Sometimes Jewish people never miss an opportunity to shoot themselves in the foot.
I refuse to go to the London Jewish Film Festival anymore having once paid good money to see Defamation, a film that, basically, portrays Israel as forcing Israeli teenagers to visit Auschwitz and using the visit to brainwash them into thinking that the whole world hates them because they are Jewish.
The same applies to London Jewish Book Week. Among the long list of Israel bashers invited to speak once was The Independent’s Johann Hari who has claimed that “untreated sewage was being pumped from illegal Israeli settlements on to Palestinian land, contaminating their reservoirs”.
Not only had he seen it with his own eyes, but Friends of the Earth had documented it, you understand.
Mick Davis, head of UJIA, addressed the possibility of Israel becoming an apartheid state and Breaking the Silence were given repeated platforms at Limmud to tell of the supposed evils of Israeli soldiers.
Now the London Jewish Cultural Centre has an advert out for their forthcoming Comedy Festival that reads:
“Enjoy a week of Jewish comedians previewing their outrageous, hilarious and irreverent acts at Ivy House for the next stop – this year’s Edinburgh festival.”
One of the comedians, Ivor Dembina, is doing a sketch harmlessly called “Jewish Comedy” on Monday July 18th.
But while Dembina is actually quite funny his other job is his one man show This Is Not A Subject For Comedy, which is about “Israel, Palestine and the Jews” and which he has been performing for some 8 years.

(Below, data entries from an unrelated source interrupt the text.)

definition splitting :: "nat list set \<Rightarrow> nat list \<Rightarrow> bool" where
  "splitting p t \<longleftrightarrow> t \<in> p \<and> (\<exists>i j. i \<noteq> j \<and> t @ [i] \<in> p \<and> t @ [j] \<in> p)"

definition fully_splitting :: "nat list set \<Rightarrow> nat list \<Rightarrow> bool" where
  "fully_splitting p t \<longleftrightarrow> (\<forall>i<3. t @ [i] \<in> p)"

definition perfect_tree :: "nat list set \<Rightarrow> bool" where
  "perfect_tree p \<longleftrightarrow> is_tree p \<and> (\<forall>s\<in>p. \<exists>t\<in>p. prefix s t \<and> splitting p t)"

definition stem :: "nat list set \<Rightarrow> nat list" where
  "stem p = (THE t. splitting p t \<and> (\<forall>u\<in>p. prefix u t \<or> prefix t u))"

definition T_forcing :: "(nat list set \<times> nat set) set" where
  "T_forcing = {(p, A). perfect_tree p
     \<and> (\<forall>t\<in>p. length t \<in> A \<longleftrightarrow> splitting p t)
     \<and> (\<forall>t. splitting p t \<longrightarrow> fully_splitting p t)
     \<and> (\<forall>s\<in>p. prefix (stem p) s \<and> \<not> splitting p s \<longrightarrow> s @ [2] \<notin> p)
     \<and> (\<forall>s\<in>p. \<forall>t\<in>p. \<not> splitting p s \<and> \<not> splitting p t \<and> length s = length t
          \<longrightarrow> (\<forall>i<2. s @ [i] \<in> p \<longleftrightarrow> t @ [i] \<in> p))}"

definition T_le :: "(nat list set \<times> nat set) \<Rightarrow> (nat list set \<times> nat set) \<Rightarrow> bool" where
  "T_le q p \<longleftrightarrow> fst q \<subseteq> fst p"

definition branches :: "nat list set \<Rightarrow> (nat \<Rightarrow> nat) set" where
  "branches p = {x \<in> cantor3. \<forall>n. map x [0..<n] \<in> p}"

definition T_nowhere_dense :: "(nat \<Rightarrow> nat) set \<Rightarrow> bool" where
  "T_nowhere_dense X \<longleftrightarrow>
     (\<forall>p\<in>T_forcing. \<exists>q\<in>T_forcing. T_le q p \<and> branches (fst q) \<inter> X = {})"

definition N_set :: "nat \<Rightarrow> (nat \<Rightarrow> nat) set" where
  "N_set n = {x \<in> cantor3. \<forall>i\<ge>n. x i \<noteq> 2}"

end

theory Submission
  imports Defs
begin

(* N_n is nowhere dense: every condition p has a fully splitting node t of length at least n, and
   restricting p to the nodes comparable with t @ [2] gives a condition all of whose branches take
   the value 2 at position |t| >= n.
   The union is not nowhere dense, since every condition p has a branch in it: above the stem,
   follow 0 at splitting nodes and the unique child at non-splitting ones, which is never 2. *)

lemma T_forcingD:
  assumes "(p, A) \<in> T_forcing"
  shows T_forcing_perfect: "perfect_tree p"
    and T_forcing_levels: "\<And>t. t \<in> p \<Longrightarrow> length t \<in> A \<longleftrightarrow> splitting p t"
    and T_forcing_fully_splitting: "\<And>t. splitting p t \<Longrightarrow> fully_splitting p t"
    and T_forcing_no_2: "\<And>s. s \<in> p \<Longrightarrow> prefix (stem p) s \<Longrightarrow> \<not> splitting p s \<Longrightarrow> s @ [2] \<notin> p"
    and T_forcing_uniform: "\<And>s t i. s \<in> p \<Longrightarrow> t \<in> p \<Longrightarrow> \<not> splitting p s \<Longrightarrow> \<not> splitting p t
          \<Longrightarrow> length s = length t \<Longrightarrow> i < 2 \<Longrightarrow> s @ [i] \<in> p \<longleftrightarrow> t @ [i] \<in> p"
  using assms unfolding T_forcing_def by blast+

lemma full_tree_T_forcing: "(seq3, UNIV) \<in> T_forcing"
proof -
  have child: "t @ [i] \<in> seq3" if "t \<in> seq3" "i < 3" for t i
    using that by (simp add: seq3_def)
  have splitting_iff: "splitting seq3 t \<longleftrightarrow> t \<in> seq3" for t
  proof
    assume "t \<in> seq3"
    then show "splitting seq3 t"
      unfolding splitting_def using child[of t 0] child[of t 1] zero_neq_one by fastforce
  qed (simp add: splitting_def)
  have "[] \<in> seq3" by (simp add: seq3_def)
  moreover have "t \<in> seq3" if "s \<in> seq3" "prefix t s" for s t
    using that set_mono_prefix unfolding seq3_def by blast
  ultimately have "is_tree seq3"
    unfolding is_tree_def by blast
  then have "perfect_tree seq3"
    unfolding perfect_tree_def splitting_iff by blast
  then show ?thesis
    unfolding T_forcing_def mem_Collect_eq case_prod_conv splitting_iff fully_splitting_def
    using child by blast
qed

lemma tree_prefix_closed: "is_tree p \<Longrightarrow> s \<in> p \<Longrightarrow> prefix t s \<Longrightarrow> t \<in> p"
  unfolding is_tree_def by blast

subsection \<open>Perfect trees\<close>

lemma perfect_tree_child:
  assumes "perfect_tree p" "s \<in> p"
  obtains i where "s @ [i] \<in> p"
proof -
  obtain u where u: "u \<in> p" "prefix s u" "splitting p u"
    using assms unfolding perfect_tree_def by blast
  show thesis
  proof (cases "u = s")
    case True
    with u that show ?thesis by (auto simp: splitting_def)
  next
    case False
    with u(2) have "strict_prefix s u" by (simp add: strict_prefix_def)
    then obtain c cs where "u = s @ c # cs" by (rule strict_prefixE')
    then have "s @ [c] \<in> p"
      using assms(1) u(1) by (auto simp: perfect_tree_def intro: tree_prefix_closed)
    with that show ?thesis .
  qed
qed

lemma perfect_tree_deep_splitting:
  assumes "perfect_tree p"
  obtains t where "splitting p t" "n \<le> length t"
proof (induction n arbitrary: thesis)
  case 0
  from assms obtain s where "s \<in> p" by (auto simp: perfect_tree_def is_tree_def)
  with assms 0 show ?case by (auto simp: perfect_tree_def)
next
  case (Suc n)
  then obtain t where t: "splitting p t" "n \<le> length t" by blast
  then obtain i where "t @ [i] \<in> p" unfolding splitting_def by blast
  then obtain u where "prefix (t @ [i]) u" "splitting p u"
    using assms unfolding perfect_tree_def by blast
  with t Suc.prems show ?case by (fastforce dest: prefix_length_le)
qed

lemma prefix_splitting_if_comparable:
  assumes "splitting p t" and comparable: "\<forall>u\<in>p. prefix u x \<or> prefix x u"
  shows "prefix x t"
proof (rule ccontr)
  assume not_prefix: "\<not> prefix x t"
  obtain i j where ij: "i \<noteq> j" "t @ [i] \<in> p" "t @ [j] \<in> p" and "t \<in> p"
    using assms(1) unfolding splitting_def by blast
  have "strict_prefix t x"
    using comparable \<open>t \<in> p\<close> not_prefix by (auto simp: strict_prefix_def)
  then obtain c cs where x: "x = t @ c # cs"
    by (rule strict_prefixE')
  have "k = c" if "t @ [k] \<in> p" for k
    using comparable[rule_format, OF that] by (auto simp: x)
  with ij show False by blast
qed

lemma minimal_splitting_comparable:
  assumes "is_tree p" "splitting p s" and minimal: "\<And>t. splitting p t \<Longrightarrow> length s \<le> length t"
    and "u \<in> p"
  shows "prefix u s \<or> prefix s u"
proof (rule ccontr)
  assume "\<not> (prefix u s \<or> prefix s u)"
  then obtain as b bs c cs where "b \<noteq> c" "u = as @ b # bs" "s = as @ c # cs"
    using parallel_decomp by (metis parallel_def)
  moreover have "s \<in> p" using assms(2) by (simp add: splitting_def)
  ultimately have "splitting p as"
    using tree_prefix_closed[OF assms(1)] \<open>u \<in> p\<close> unfolding splitting_def
    by (metis append.assoc append_Cons append_Nil prefix_def)
  with minimal \<open>s = as @ c # cs\<close> show False by fastforce
qed

lemma perfect_tree_stem:
  assumes "perfect_tree p"
  shows "splitting p (stem p) \<and> (\<forall>u\<in>p. prefix u (stem p) \<or> prefix (stem p) u)"
proof -
  have tree: "is_tree p" using assms by (simp add: perfect_tree_def)
  then obtain s where "s \<in> p" unfolding is_tree_def by blast
  then obtain t where "splitting p t" using assms unfolding perfect_tree_def by blast
  then obtain s0 where s0: "splitting p s0" and minimal: "\<And>t. splitting p t \<Longrightarrow> length s0 \<le> length t"
    using ex_has_least_nat[of "splitting p" t length] by blast
  have comparable: "\<forall>u\<in>p. prefix u s0 \<or> prefix s0 u"
    using minimal_splitting_comparable[OF tree s0 minimal] by blast
  have "stem p = s0" unfolding stem_def
  proof (rule the_equality)
    fix t assume t: "splitting p t \<and> (\<forall>u\<in>p. prefix u t \<or> prefix t u)"
    then show "t = s0"
      using prefix_splitting_if_comparable[OF s0] prefix_splitting_if_comparable[OF _ comparable]
      by (blast intro: prefix_order.antisym)
  qed (use s0 comparable in blast)
  with s0 comparable show ?thesis by simp
qed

In it he tells, inter alia, about his confrontation with Israeli soldiers and thinks that Jews somewhat downplay the deaths of homosexuals and Communists at Auschwitz because “this is Ourschwitz, not Yourschwitz”.
Dembina has volunteered for the International Solidarity Movement and in an interview last year is quoted as saying that “the specter of anti-Semitism is raised by Zionists” and is “a manipulation of a tragedy to Zionism’s own advantage”.
He is also quoted as saying of Zionists:
“I think they’ve learned to their cost that it just makes people more determined to speak out publicly and that hate campaigns can be counter-productive. I think they’re starting to try and engage in discussion and going for the whole positive PR angle, like this email campaign about sending medical aid to Haiti. Or they’re going to use Iran as an excuse. They keep coming up with these reasons that the Jewish community has to support Israel and one by one they get exposed as nonsense…You’re left with a rump of very angry people who are used to getting their own way. Things have to be handled very carefully in the months and years ahead”. He also, apparently, compares Israel to apartheid South Africa.
Considering the audience at the LJCC is likely to be entirely pro-Israel and “Zionist”, I would expect they would like to know that Dembina considers them “angry people” and that he would like to see the end of Israel as a Jewish state. Then they can decide whether or not they would like to go in to see him perform.
At least with other anti-Zionists like Ken Loach one is usually fully informed of their politics. I would never go to see Looking for Eric, for instance, as much as I would probably enjoy it.
But, I suspect that Dembina won’t be playing his full anti-Zionist set at the LJCC and, therefore, many in the audience who are paying good money to see him won’t know of his politics.
Maybe, it would be helpful if someone stood outside the gates of the LJCC next Monday to hand out a list of Dembina’s quotes as people are going in to see him (any volunteers?).
I’m sure he wouldn’t expect anything less from a bunch of angry Zionists.